ASSIGNMENT
Scan the records beneath this line for the line holding "set \<Rightarrow> 'i::wellorder itself \<Rightarrow>" and the line holding "s t \<longleftrightarrow>", then transcribe exactly those two and all lines between.

Segment Start: MATERIAL SUPPLIED

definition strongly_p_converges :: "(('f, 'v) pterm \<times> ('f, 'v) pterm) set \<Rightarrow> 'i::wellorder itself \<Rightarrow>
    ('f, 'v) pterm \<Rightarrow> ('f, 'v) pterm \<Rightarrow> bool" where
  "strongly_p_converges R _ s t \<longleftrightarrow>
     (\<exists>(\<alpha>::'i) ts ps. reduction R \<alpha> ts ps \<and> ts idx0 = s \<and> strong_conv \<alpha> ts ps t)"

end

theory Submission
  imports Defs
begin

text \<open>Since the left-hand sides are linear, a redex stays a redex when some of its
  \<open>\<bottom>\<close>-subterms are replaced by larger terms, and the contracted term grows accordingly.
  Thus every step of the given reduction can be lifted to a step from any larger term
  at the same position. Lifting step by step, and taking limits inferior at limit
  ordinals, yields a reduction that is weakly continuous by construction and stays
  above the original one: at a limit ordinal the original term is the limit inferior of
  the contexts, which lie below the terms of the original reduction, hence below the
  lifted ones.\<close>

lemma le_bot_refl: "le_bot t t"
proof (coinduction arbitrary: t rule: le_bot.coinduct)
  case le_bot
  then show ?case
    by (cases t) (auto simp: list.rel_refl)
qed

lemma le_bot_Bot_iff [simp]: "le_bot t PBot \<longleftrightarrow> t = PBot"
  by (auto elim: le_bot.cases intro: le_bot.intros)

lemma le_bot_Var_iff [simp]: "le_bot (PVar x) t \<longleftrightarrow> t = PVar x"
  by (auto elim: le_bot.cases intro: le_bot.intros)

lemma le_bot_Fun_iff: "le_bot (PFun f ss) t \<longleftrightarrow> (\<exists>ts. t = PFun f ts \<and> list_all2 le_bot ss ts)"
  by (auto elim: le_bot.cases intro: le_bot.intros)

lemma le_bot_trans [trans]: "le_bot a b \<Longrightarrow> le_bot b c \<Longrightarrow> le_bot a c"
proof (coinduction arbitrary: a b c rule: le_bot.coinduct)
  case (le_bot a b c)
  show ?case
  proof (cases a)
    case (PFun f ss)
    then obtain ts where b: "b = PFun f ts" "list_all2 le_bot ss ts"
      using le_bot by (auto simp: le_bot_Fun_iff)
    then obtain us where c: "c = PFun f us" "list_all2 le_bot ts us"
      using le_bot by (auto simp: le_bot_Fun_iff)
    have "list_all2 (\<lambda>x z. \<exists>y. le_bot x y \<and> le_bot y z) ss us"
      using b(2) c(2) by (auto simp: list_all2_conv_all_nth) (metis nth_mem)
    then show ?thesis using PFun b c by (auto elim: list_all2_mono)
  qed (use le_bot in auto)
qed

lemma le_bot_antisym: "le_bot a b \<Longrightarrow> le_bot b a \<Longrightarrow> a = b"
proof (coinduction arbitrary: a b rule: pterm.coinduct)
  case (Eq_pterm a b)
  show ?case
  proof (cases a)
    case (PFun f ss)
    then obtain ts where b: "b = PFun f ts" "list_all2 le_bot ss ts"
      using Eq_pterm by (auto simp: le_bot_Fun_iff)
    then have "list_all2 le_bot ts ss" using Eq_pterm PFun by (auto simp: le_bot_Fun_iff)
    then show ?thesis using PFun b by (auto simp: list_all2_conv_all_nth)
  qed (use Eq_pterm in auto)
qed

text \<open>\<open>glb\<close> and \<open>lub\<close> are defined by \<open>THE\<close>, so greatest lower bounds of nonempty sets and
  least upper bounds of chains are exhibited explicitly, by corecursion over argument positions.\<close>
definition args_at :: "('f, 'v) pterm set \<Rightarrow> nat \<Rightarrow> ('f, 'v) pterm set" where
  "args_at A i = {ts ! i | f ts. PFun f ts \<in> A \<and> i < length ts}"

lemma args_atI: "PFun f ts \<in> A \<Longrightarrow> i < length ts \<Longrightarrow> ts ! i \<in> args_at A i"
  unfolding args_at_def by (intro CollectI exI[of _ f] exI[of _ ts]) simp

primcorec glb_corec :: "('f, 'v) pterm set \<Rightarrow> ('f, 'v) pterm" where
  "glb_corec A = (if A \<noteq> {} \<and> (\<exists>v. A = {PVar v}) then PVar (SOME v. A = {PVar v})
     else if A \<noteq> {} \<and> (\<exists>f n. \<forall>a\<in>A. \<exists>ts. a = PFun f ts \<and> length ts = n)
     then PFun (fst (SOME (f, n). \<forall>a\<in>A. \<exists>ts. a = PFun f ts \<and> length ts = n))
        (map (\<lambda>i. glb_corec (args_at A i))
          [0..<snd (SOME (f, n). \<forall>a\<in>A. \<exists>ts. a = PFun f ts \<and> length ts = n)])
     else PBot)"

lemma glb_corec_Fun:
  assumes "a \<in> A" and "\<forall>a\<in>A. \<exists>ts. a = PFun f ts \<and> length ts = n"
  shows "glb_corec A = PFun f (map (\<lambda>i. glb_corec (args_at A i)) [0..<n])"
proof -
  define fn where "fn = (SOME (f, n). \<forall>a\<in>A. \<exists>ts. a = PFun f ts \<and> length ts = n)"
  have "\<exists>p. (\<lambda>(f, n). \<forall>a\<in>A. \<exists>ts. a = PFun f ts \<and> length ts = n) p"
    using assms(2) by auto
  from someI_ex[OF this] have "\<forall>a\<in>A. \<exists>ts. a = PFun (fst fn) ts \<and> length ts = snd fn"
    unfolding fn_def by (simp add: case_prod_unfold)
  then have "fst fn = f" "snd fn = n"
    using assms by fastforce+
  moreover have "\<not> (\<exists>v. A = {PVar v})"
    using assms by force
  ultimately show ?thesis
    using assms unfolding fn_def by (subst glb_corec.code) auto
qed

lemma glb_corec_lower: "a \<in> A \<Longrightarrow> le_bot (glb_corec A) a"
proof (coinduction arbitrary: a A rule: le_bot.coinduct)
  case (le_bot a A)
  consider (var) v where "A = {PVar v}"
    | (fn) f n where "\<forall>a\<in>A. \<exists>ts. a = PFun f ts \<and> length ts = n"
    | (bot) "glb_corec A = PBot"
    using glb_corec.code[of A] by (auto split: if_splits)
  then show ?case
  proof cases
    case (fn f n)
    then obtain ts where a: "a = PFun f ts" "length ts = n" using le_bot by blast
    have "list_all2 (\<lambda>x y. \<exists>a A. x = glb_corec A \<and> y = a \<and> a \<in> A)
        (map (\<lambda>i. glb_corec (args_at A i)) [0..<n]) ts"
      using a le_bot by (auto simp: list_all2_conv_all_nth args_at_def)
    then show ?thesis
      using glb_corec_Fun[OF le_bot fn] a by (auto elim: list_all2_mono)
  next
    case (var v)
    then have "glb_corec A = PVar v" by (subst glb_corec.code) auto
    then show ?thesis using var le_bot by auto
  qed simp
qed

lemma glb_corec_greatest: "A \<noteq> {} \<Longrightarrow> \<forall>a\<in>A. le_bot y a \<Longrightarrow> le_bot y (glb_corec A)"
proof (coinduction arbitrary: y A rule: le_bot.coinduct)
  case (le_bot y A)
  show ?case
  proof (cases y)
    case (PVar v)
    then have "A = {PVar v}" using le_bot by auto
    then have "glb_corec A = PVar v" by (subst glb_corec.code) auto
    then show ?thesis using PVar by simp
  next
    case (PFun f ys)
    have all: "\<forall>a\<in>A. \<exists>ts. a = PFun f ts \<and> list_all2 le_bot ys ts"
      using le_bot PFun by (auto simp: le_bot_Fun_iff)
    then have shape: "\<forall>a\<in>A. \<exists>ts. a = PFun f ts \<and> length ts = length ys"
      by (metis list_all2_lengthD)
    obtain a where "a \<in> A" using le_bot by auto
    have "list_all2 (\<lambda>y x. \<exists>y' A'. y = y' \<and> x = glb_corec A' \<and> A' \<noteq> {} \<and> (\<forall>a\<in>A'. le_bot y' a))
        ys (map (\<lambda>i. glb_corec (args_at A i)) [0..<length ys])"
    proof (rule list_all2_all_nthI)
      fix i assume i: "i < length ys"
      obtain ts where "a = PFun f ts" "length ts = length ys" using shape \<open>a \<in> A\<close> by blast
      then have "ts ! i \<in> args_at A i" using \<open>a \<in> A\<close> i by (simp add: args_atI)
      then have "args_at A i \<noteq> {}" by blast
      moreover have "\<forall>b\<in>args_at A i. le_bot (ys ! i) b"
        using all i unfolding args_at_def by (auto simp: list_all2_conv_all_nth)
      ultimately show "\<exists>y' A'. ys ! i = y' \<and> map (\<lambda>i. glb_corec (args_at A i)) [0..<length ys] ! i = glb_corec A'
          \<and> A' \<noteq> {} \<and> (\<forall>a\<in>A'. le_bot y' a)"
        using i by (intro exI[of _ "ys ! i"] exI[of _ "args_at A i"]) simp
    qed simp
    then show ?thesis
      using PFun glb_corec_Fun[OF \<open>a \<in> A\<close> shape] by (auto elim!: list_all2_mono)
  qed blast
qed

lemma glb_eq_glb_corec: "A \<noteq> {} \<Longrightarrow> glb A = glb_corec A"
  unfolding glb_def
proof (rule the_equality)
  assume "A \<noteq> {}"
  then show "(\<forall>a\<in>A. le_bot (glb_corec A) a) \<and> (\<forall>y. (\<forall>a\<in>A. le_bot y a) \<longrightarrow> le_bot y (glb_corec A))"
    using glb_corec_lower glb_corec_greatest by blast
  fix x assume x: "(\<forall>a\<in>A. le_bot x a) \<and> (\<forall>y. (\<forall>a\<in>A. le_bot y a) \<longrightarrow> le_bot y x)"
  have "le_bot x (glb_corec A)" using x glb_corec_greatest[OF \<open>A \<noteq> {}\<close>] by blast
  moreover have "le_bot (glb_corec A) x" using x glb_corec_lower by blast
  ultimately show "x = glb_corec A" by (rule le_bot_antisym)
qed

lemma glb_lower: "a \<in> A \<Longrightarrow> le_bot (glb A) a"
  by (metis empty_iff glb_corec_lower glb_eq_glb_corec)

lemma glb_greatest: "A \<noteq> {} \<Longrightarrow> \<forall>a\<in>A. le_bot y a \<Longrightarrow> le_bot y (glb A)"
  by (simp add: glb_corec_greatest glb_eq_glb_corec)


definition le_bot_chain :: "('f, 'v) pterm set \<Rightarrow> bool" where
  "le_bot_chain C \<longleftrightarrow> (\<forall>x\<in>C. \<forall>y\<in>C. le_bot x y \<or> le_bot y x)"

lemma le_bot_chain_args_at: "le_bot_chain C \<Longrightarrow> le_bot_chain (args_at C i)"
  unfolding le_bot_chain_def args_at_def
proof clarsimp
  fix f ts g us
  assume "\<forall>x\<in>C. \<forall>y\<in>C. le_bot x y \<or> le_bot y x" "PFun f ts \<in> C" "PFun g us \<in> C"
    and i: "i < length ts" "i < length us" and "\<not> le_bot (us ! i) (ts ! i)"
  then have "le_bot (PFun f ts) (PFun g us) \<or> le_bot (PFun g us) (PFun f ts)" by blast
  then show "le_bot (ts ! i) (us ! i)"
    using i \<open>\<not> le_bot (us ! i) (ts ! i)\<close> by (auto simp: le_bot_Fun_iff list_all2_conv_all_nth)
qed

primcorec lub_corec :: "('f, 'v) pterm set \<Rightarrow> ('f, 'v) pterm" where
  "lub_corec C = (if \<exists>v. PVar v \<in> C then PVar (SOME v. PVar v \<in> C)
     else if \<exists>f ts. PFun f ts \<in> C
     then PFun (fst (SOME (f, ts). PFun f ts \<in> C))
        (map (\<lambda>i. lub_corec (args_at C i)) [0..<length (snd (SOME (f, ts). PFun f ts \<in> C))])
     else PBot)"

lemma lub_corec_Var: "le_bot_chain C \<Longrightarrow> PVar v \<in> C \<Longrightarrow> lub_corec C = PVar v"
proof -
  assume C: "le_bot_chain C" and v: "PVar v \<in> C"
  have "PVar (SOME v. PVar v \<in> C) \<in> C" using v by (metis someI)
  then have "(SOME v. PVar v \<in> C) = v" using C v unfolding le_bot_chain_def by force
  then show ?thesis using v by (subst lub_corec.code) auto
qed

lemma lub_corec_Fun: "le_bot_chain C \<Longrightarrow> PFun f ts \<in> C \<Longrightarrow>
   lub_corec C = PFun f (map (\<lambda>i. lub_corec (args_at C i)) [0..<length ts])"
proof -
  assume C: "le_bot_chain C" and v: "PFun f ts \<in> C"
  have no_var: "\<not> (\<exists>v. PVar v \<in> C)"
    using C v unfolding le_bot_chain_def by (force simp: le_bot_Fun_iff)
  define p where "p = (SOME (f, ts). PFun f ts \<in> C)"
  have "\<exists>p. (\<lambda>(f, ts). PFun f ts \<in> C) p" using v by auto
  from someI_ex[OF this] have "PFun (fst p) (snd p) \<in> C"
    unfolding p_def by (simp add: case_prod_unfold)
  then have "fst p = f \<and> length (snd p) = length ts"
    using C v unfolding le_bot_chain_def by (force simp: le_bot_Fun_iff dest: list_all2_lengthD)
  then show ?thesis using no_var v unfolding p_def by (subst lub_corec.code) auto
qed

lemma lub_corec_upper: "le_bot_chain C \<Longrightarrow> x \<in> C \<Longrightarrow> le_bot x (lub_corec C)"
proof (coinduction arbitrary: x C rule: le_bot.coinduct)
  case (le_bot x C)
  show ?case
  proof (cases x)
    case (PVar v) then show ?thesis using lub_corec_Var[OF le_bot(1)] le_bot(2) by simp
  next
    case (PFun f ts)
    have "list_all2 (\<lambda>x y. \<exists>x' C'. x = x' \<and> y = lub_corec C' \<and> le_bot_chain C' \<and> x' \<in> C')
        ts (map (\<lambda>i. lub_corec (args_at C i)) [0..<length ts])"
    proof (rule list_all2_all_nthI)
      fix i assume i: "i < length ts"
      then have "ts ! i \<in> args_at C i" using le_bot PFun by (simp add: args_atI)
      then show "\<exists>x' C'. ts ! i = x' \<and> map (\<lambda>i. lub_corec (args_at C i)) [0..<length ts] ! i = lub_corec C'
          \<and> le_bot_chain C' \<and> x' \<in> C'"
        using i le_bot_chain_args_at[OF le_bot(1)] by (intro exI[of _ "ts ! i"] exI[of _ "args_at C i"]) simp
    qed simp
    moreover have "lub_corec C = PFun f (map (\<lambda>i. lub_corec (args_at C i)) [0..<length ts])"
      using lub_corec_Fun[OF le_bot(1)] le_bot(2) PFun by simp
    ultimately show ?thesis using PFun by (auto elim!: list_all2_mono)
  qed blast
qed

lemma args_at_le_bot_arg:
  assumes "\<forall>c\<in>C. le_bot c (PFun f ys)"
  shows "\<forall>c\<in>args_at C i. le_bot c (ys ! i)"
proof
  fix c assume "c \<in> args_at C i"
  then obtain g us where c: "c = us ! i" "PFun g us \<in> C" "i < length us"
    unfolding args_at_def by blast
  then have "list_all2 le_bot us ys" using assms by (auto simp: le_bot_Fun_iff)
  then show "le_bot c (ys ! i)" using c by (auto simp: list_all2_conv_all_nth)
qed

Segment End: MATERIAL SUPPLIED
Segment Start: MATERIAL SUPPLIED

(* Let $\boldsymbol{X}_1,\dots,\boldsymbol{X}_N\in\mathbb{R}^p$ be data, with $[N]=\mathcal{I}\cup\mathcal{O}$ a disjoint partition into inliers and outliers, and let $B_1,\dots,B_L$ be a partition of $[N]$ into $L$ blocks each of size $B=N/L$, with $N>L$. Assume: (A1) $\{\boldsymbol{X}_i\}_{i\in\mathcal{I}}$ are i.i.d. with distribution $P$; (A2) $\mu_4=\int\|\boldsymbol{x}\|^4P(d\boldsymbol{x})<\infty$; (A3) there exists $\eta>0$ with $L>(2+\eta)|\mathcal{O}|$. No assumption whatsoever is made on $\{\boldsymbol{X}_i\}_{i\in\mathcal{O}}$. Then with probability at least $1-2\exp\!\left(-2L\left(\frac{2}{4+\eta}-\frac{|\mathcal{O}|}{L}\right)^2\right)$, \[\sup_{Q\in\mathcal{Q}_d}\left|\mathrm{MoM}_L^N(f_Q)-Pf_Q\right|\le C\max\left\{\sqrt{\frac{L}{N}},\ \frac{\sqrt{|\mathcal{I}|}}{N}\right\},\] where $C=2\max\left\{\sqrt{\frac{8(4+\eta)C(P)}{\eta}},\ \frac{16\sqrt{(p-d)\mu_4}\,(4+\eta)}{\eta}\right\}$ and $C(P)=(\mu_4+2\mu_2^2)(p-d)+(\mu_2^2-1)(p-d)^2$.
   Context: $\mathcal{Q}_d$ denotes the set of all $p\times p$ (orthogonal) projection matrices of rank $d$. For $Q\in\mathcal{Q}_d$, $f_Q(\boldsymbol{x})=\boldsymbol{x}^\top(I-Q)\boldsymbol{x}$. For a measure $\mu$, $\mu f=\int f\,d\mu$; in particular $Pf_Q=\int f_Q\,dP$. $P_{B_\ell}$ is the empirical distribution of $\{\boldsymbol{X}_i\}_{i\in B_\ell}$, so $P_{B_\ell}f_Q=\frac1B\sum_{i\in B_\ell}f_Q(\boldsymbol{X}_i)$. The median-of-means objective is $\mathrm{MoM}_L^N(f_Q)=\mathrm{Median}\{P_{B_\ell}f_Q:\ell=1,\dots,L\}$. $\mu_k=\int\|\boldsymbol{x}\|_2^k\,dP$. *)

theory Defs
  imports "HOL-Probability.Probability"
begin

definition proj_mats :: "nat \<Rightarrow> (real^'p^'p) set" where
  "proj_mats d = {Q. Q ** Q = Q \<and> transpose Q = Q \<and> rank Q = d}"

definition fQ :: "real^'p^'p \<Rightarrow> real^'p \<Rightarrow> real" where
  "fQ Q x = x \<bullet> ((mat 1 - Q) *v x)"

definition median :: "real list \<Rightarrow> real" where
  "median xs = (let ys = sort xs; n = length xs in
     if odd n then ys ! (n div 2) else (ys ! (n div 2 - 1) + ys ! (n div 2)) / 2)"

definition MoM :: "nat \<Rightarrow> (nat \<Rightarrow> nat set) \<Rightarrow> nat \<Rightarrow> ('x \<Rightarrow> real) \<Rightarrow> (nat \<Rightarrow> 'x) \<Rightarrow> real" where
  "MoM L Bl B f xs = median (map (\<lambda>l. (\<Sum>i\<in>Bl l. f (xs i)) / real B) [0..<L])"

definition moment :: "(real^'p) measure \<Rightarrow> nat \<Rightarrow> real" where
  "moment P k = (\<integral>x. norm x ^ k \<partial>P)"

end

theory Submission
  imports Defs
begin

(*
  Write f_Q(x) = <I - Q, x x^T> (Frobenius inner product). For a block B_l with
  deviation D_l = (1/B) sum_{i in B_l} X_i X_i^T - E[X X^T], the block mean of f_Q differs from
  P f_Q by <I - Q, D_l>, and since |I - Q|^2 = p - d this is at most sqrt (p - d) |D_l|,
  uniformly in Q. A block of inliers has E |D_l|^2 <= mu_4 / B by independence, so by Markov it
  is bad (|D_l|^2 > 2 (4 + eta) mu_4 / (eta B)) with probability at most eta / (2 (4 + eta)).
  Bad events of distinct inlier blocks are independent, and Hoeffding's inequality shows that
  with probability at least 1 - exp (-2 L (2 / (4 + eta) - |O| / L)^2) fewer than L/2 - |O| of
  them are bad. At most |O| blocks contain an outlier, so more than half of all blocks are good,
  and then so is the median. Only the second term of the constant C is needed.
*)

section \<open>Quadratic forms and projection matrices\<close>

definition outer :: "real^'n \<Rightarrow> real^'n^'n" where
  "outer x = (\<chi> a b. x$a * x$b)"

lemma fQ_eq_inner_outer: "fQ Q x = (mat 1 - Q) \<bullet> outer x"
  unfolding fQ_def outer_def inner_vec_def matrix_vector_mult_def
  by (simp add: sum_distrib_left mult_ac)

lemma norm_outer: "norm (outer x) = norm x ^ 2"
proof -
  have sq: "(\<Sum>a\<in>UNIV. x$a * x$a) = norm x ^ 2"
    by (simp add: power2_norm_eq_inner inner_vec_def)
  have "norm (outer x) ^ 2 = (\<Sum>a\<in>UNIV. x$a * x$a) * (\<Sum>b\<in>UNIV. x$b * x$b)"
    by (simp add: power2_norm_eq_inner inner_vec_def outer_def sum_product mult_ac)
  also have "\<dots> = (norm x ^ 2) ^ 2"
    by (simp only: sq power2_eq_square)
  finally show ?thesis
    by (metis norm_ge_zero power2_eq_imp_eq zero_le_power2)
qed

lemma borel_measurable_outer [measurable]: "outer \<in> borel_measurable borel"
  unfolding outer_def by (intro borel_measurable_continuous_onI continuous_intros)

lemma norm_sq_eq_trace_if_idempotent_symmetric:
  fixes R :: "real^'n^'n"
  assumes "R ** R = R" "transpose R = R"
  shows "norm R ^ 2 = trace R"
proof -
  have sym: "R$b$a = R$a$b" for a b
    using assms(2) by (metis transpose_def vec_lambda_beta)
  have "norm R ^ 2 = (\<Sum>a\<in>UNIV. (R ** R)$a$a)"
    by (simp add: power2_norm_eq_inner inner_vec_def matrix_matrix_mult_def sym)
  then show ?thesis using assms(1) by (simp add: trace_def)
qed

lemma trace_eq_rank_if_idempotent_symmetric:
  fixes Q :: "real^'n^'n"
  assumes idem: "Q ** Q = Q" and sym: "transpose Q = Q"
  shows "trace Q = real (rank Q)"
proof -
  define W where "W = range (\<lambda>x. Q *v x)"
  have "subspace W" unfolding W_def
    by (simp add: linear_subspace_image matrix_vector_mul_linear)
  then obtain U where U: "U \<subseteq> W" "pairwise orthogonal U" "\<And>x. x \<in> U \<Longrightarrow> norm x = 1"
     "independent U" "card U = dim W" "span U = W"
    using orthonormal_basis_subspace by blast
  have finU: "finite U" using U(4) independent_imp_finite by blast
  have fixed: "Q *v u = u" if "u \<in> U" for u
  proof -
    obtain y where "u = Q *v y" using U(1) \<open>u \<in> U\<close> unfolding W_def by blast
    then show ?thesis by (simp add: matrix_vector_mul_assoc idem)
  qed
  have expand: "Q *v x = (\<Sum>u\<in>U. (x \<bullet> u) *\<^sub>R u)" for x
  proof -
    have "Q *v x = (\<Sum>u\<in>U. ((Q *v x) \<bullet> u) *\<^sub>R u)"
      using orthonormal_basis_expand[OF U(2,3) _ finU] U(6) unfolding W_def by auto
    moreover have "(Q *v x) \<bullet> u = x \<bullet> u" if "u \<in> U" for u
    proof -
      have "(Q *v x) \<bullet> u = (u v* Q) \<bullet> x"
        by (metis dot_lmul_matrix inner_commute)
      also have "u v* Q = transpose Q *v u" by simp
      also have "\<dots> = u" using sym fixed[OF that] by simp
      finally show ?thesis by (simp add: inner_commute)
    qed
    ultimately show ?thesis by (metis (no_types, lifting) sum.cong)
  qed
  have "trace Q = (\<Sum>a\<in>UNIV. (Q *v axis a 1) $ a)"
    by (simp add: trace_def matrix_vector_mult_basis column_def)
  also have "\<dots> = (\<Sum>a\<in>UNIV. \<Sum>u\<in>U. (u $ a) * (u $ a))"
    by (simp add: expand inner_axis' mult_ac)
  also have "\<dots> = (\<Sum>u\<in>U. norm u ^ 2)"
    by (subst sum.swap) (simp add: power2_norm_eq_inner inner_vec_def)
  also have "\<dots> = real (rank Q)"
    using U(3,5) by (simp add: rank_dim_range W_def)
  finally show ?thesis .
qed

Segment End: MATERIAL SUPPLIED

WORKED SOLUTION
definition strongly_p_converges :: "(('f, 'v) pterm \<times> ('f, 'v) pterm) set \<Rightarrow> 'i::wellorder itself \<Rightarrow>
    ('f, 'v) pterm \<Rightarrow> ('f, 'v) pterm \<Rightarrow> bool" where
  "strongly_p_converges R _ s t \<longleftrightarrow>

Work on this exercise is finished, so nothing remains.